Pretty much all heavy metals do bad things to invertebrates even at very low concentrations. Another culprit is residual insecticides on emerse-grown plants. It's a common practice in the Far East where beetles can be a major problem. I'm pretty sure this was the cause of a shrimp die-off I experienced about a year ago. Either way, it was all pointing to a dwarf Lobelia cardinalis that still had much of its emersed growth intact. My fish were fine, and all but one shrimp died within the next 72 hours. 

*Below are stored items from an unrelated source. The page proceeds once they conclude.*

lemma holomorphic_deriv_eq_0_imp_constant:
  assumes "open S" "connected S" "f holomorphic_on S" "\<And>z. z \<in> S \<Longrightarrow> deriv f z = 0"
  shows "\<exists>c. \<forall>z\<in>S. f z = c"
proof -
  have "\<forall>z\<in>S - {}. (f has_field_derivative 0) (at z)"
    using assms by (metis Diff_empty holomorphic_derivI)
  with assms show ?thesis
    by (metis DERIV_zero_connected_constant finite.emptyI holomorphic_on_imp_continuous_on)
qed

lemma one_minus_mult_cnj_nonzero:
  assumes "norm (x::complex) < 1"
  shows "1 - x * cnj x \<noteq> 0"
proof -
  have "(norm x)^2 < 1" using assms by (simp add: power_less_one_iff)
  thus ?thesis by (metis complex_norm_square eq_iff_diff_eq_0 of_real_eq_1_iff less_irrefl)
qed

section \<open>The dilatation factor of the pre-Schwarzian\<close>

definition dilatation_factor :: "(complex \<Rightarrow> complex) \<Rightarrow> complex \<Rightarrow> complex" where
  "dilatation_factor p w = cnj (p w) / (1 - p w * cnj (p w))"

lemma has_wirtinger_derivs_dilatation_factor:
  assumes p: "(p has_field_derivative p') (at z)" and "norm (p z) < 1"
  shows "has_wirtinger_derivs (dilatation_factor p)
    (p' * (dilatation_factor p z)^2) (cnj p' / (1 - p z * cnj (p z))^2) z"
proof -
  have nz: "1 - p z * cnj (p z) \<noteq> 0" using assms(2) by (rule one_minus_mult_cnj_nonzero)
  note num = has_wirtinger_derivs_cnj[OF p]
  note den = has_wirtinger_derivs_diff[OF has_wirtinger_derivs_const
      has_wirtinger_derivs_mult[OF has_wirtinger_derivs_field[OF p] num]]
  from has_wirtinger_derivs_divide[OF num den nz] show ?thesis
    unfolding dilatation_factor_def[abs_def] using nz by (simp add: field_simps power2_eq_square)
qed

lemma deriv_eq_0_if_dilatation_factor_holomorphic:
  assumes "open U" "p holomorphic_on U" "\<And>w. w \<in> U \<Longrightarrow> norm (p w) < 1"
    and "g holomorphic_on U" "\<And>w. w \<in> U \<Longrightarrow> dilatation_factor p w = g w" and z: "z \<in> U"
  shows "deriv p z = 0"
proof -
  have dp: "(p has_field_derivative deriv p z) (at z)"
    using assms by (auto intro: holomorphic_derivI)
  have "(g has_field_derivative deriv g z) (at z)"
    using assms by (auto intro: holomorphic_derivI)
  hence "(dilatation_factor p has_field_derivative deriv g z) (at z)"
    using assms by (auto intro: has_field_derivative_transform_within_open)
  from has_wirtinger_derivs_field_imp_zero[OF
      has_wirtinger_derivs_dilatation_factor[OF dp assms(3)[OF z]] this]
  show ?thesis using one_minus_mult_cnj_nonzero[OF assms(3)[OF z]] by simp
qed

lemma constant_if_dilatation_factor_holomorphic_off_critical_points:
  assumes "open \<Omega>" "connected \<Omega>" "p holomorphic_on \<Omega>" "\<And>w. w \<in> \<Omega> \<Longrightarrow> norm (p w) < 1"
    and "g holomorphic_on {w \<in> \<Omega>. deriv p w \<noteq> 0}"
    and "\<And>w. w \<in> \<Omega> \<Longrightarrow> deriv p w \<noteq> 0 \<Longrightarrow> dilatation_factor p w = g w"
  shows "\<exists>c. \<forall>z\<in>\<Omega>. p z = c"
proof (rule holomorphic_deriv_eq_0_imp_constant[OF assms(1-3)])
  let ?U = "{w \<in> \<Omega>. deriv p w \<noteq> 0}"
  have "continuous_on \<Omega> (deriv p)"
    using assms by (intro holomorphic_on_imp_continuous_on holomorphic_deriv)
  hence "open (\<Omega> \<inter> deriv p -` (- {0}))"
    using assms(1) by (intro continuous_open_preimage) auto
  moreover have "\<Omega> \<inter> deriv p -` (- {0}) = ?U" by auto
  ultimately have "open ?U" by simp
  fix z assume "z \<in> \<Omega>"
  show "deriv p z = 0"
  proof (cases "z \<in> ?U")
    case True
    with \<open>open ?U\<close> assms(3-6) show ?thesis
      by (intro deriv_eq_0_if_dilatation_factor_holomorphic[of ?U p g])
         (auto intro: holomorphic_on_subset)
  next
    case False
    with \<open>z \<in> \<Omega>\<close> show ?thesis by simp
  qed
qed

section \<open>Pre-Schwarzian and Schwarzian of holomorphic functions\<close>

definition pre_schwarzian :: "(complex \<Rightarrow> complex) \<Rightarrow> complex \<Rightarrow> complex" where
  "pre_schwarzian F z = deriv (deriv F) z / deriv F z"

definition schwarzian :: "(complex \<Rightarrow> complex) \<Rightarrow> complex \<Rightarrow> complex" where
  "schwarzian F z = deriv (pre_schwarzian F) z - (pre_schwarzian F z)^2 / 2"

lemma holomorphic_on_pre_schwarzian:
  "F holomorphic_on S \<Longrightarrow> open S \<Longrightarrow> (\<And>z. z \<in> S \<Longrightarrow> deriv F z \<noteq> 0) \<Longrightarrow>
    pre_schwarzian F holomorphic_on S"
  unfolding pre_schwarzian_def[abs_def] by (intro holomorphic_intros holomorphic_deriv) auto

lemma holomorphic_on_schwarzian:
  "F holomorphic_on S \<Longrightarrow> open S \<Longrightarrow> (\<And>z. z \<in> S \<Longrightarrow> deriv F z \<noteq> 0) \<Longrightarrow>
    schwarzian F holomorphic_on S"
  unfolding schwarzian_def[abs_def]
  by (intro holomorphic_intros holomorphic_deriv holomorphic_on_pre_schwarzian) auto

lemma proportional_if_wronskian_zero:
  assumes "open S" "connected S" "f holomorphic_on S" "g holomorphic_on S"
    and "\<And>z. z \<in> S \<Longrightarrow> f z \<noteq> 0" "\<And>z. z \<in> S \<Longrightarrow> f z * deriv g z = deriv f z * g z"
  shows "\<exists>c. \<forall>z\<in>S. g z = c * f z"
proof -
  have "deriv (\<lambda>w. g w / f w) z = 0" if z: "z \<in> S" for z
  proof -
    have "((\<lambda>w. g w / f w) has_field_derivative
        (deriv g z * f z - g z * deriv f z) / (f z * f z)) (at z)"
      using assms z by (intro DERIV_divide holomorphic_derivI[of _ S]) auto
    thus ?thesis using assms(6)[OF z] by (simp add: DERIV_imp_deriv mult.commute)
  qed
  moreover have "(\<lambda>w. g w / f w) holomorphic_on S"
    using assms by (intro holomorphic_intros) auto
  ultimately obtain c where "\<forall>z\<in>S. g z / f z = c"
    using holomorphic_deriv_eq_0_imp_constant[OF assms(1,2)] by blast
  thus ?thesis using assms(5) by (metis nonzero_eq_divide_eq)
qed

lemma pre_schwarzian_eq_imp_deriv_proportional:
  assumes "open S" "connected S" "F1 holomorphic_on S" "F2 holomorphic_on S"
    and "\<And>z. z \<in> S \<Longrightarrow> deriv F1 z \<noteq> 0" "\<And>z. z \<in> S \<Longrightarrow> deriv F2 z \<noteq> 0"
    and "\<And>z. z \<in> S \<Longrightarrow> pre_schwarzian F1 z = pre_schwarzian F2 z"
  shows "\<exists>\<alpha>. \<forall>z\<in>S. deriv F2 z = \<alpha> * deriv F1 z"
  using assms by (intro proportional_if_wronskian_zero holomorphic_deriv)
    (auto simp: pre_schwarzian_def field_simps)

lemma schwarzian_of_deriv_div_square:
  assumes S: "open S" "z \<in> S" and hol: "F holomorphic_on S" "g holomorphic_on S"
    and nz: "\<And>w. w \<in> S \<Longrightarrow> deriv F w \<noteq> 0" "\<And>w. w \<in> S \<Longrightarrow> g w \<noteq> 0"
    and H: "\<And>w. w \<in> S \<Longrightarrow> deriv H w = deriv F w / (g w)^2"
  shows "schwarzian H z = schwarzian F z
    - 2 * (deriv F z * deriv (deriv g) z - deriv (deriv F) z * deriv g z) / (deriv F z * g z)"
proof -
  have dF: "(deriv F has_field_derivative deriv (deriv F) w) (at w)"
    and dg: "(g has_field_derivative deriv g w) (at w)"
    and dg': "(deriv g has_field_derivative deriv (deriv g) w) (at w)"
    and dpre: "(pre_schwarzian F has_field_derivative deriv (pre_schwarzian F) w) (at w)"
    if "w \<in> S" for w
    using that S hol nz
    by (auto intro!: holomorphic_derivI holomorphic_deriv holomorphic_on_pre_schwarzian)
  have pre: "pre_schwarzian H w = pre_schwarzian F w - 2 * (deriv g w / g w)" if w: "w \<in> S" for w
  proof -
    have "deriv (deriv H) w = deriv (\<lambda>v. deriv F v / (g v)^2) w"
      using S(1) w H by (rule deriv_transform_within_open)
    also have "\<dots> = (deriv (deriv F) w * (g w)^2 - deriv F w * (2 * g w * deriv g w))
        / ((g w)^2 * (g w)^2)"
      using nz(2)[OF w] by (intro DERIV_imp_deriv DERIV_divide dF[OF w])
        (auto intro!: derivative_eq_intros dg[OF w])
    finally have H'': "deriv (deriv H) w = \<dots>" .
    show ?thesis
      unfolding pre_schwarzian_def H[OF w] H'' using nz[OF w]
      by (simp add: field_simps power2_eq_square)
  qed
  have "deriv (pre_schwarzian H) z = deriv (\<lambda>w. pre_schwarzian F w - 2 * (deriv g w / g w)) z"
    using S pre by (rule deriv_transform_within_open)
  also have "\<dots> = deriv (pre_schwarzian F) z
      - 2 * ((deriv (deriv g) z * g z - deriv g z * deriv g z) / (g z * g z))"
    using nz(2)[OF S(2)]
    by (intro DERIV_imp_deriv DERIV_diff dpre[OF S(2)] DERIV_cmult DERIV_divide
        dg[OF S(2)] dg'[OF S(2)])
  finally have DH: "deriv (pre_schwarzian H) z = \<dots>" .
  show ?thesis
    unfolding schwarzian_def DH pre[OF S(2)] unfolding pre_schwarzian_def
    using nz[OF S(2)] by (simp add: field_simps power2_eq_square)
qed

lemma affine_if_wronskian_of_derivs_zero:
  assumes S: "open S" "connected S" and hol: "F holomorphic_on S" "g holomorphic_on S"
    and "\<And>z. z \<in> S \<Longrightarrow> deriv F z \<noteq> 0"
    and "\<And>z. z \<in> S \<Longrightarrow> deriv F z * deriv (deriv g) z = deriv (deriv F) z * deriv g z"
  shows "\<exists>s d. \<forall>z\<in>S. g z = s * F z + d"
proof -
  obtain s where s: "\<forall>z\<in>S. deriv g z = s * deriv F z"
    using assms by (metis proportional_if_wronskian_zero holomorphic_deriv)
  have "deriv (\<lambda>w. g w - s * F w) z = 0" if "z \<in> S" for z
    using S that hol s
    by (auto intro!: DERIV_imp_deriv derivative_eq_intros holomorphic_derivI[of _ S])
  moreover have "(\<lambda>w. g w - s * F w) holomorphic_on S"
    using hol by (intro holomorphic_intros)
  ultimately obtain d where "\<forall>z\<in>S. g z - s * F z = d"
    using holomorphic_deriv_eq_0_imp_constant[OF S] by blast
  thus ?thesis by (metis diff_eq_eq add.commute)
qed

lemma deriv_moebius_comp:
  assumes "(F has_field_derivative F') (at z)" "s * F z + d \<noteq> 0"
  shows "deriv (moebius m n s d \<circ> F) z = (m * d - n * s) * F' / (s * F z + d)^2"
proof -
  have "(moebius m n s d has_field_derivative
      (m * (s * F z + d) - (m * F z + n) * s) / ((s * F z + d) * (s * F z + d))) (at (F z))"
    unfolding moebius_def[abs_def] using assms(2) by (auto intro!: derivative_eq_intros)
  from DERIV_imp_deriv[OF DERIV_chain[OF this assms(1)]] show ?thesis
    by (simp add: algebra_simps power2_eq_square)
qed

Hope you figure out what killed your shrimp. Sorry to hear about the big (and expensive) loss. 

-Naomi


----------



## gnome (Jan 27, 2004)

I wanted to make a correction. I looked up the analysis for Yamato Green, and it says 0.0015% Cu. So it appears to have more than Flourish, but less than Flourish Trace.


----------



## shannon (Jan 30, 2004)

*shrimp deaths*

Hi Art- sorry about your shrimp. I'm just getting ready to add my first ones and I'm very excited.
Arizona Aquatic gardens has a wonderful section called "shrimp factory" on their web site. You may already be familiar with it. I would give you the link, but I'm a computer newbie  This section not only offers several different types of shrimp but tells us what water parameters each likes and gives all kinds of advice..example..a little iodine works wonders, but a little copper kills. Hope you have better luck with your next shrimp!


----------



## MiamiAG (Jan 13, 2004)

Hi everyone. Thank you! for giving me your thoughts.

Copper is an essential element for plants, as are the other metals. As a result, I will continue to dose these. I do know that inverts are very sensitive to copper and, hence, this may be the problem. However, everyone I know that successfully maintains shrimps also doses traces nutrients so I'm not sure.

I am very familiar with Arizona Aquatic Gardens and obtained my first set of shrimp from them. However, a local pet shop carries grass shrimp for 10/$1 so I will let my tank settle a bit and then try those. 

I'll continue to post my experiences. Maybe I should start a post in the algae forum about how to get through algae issues WITHOUT inverts (just like in the old days).


----------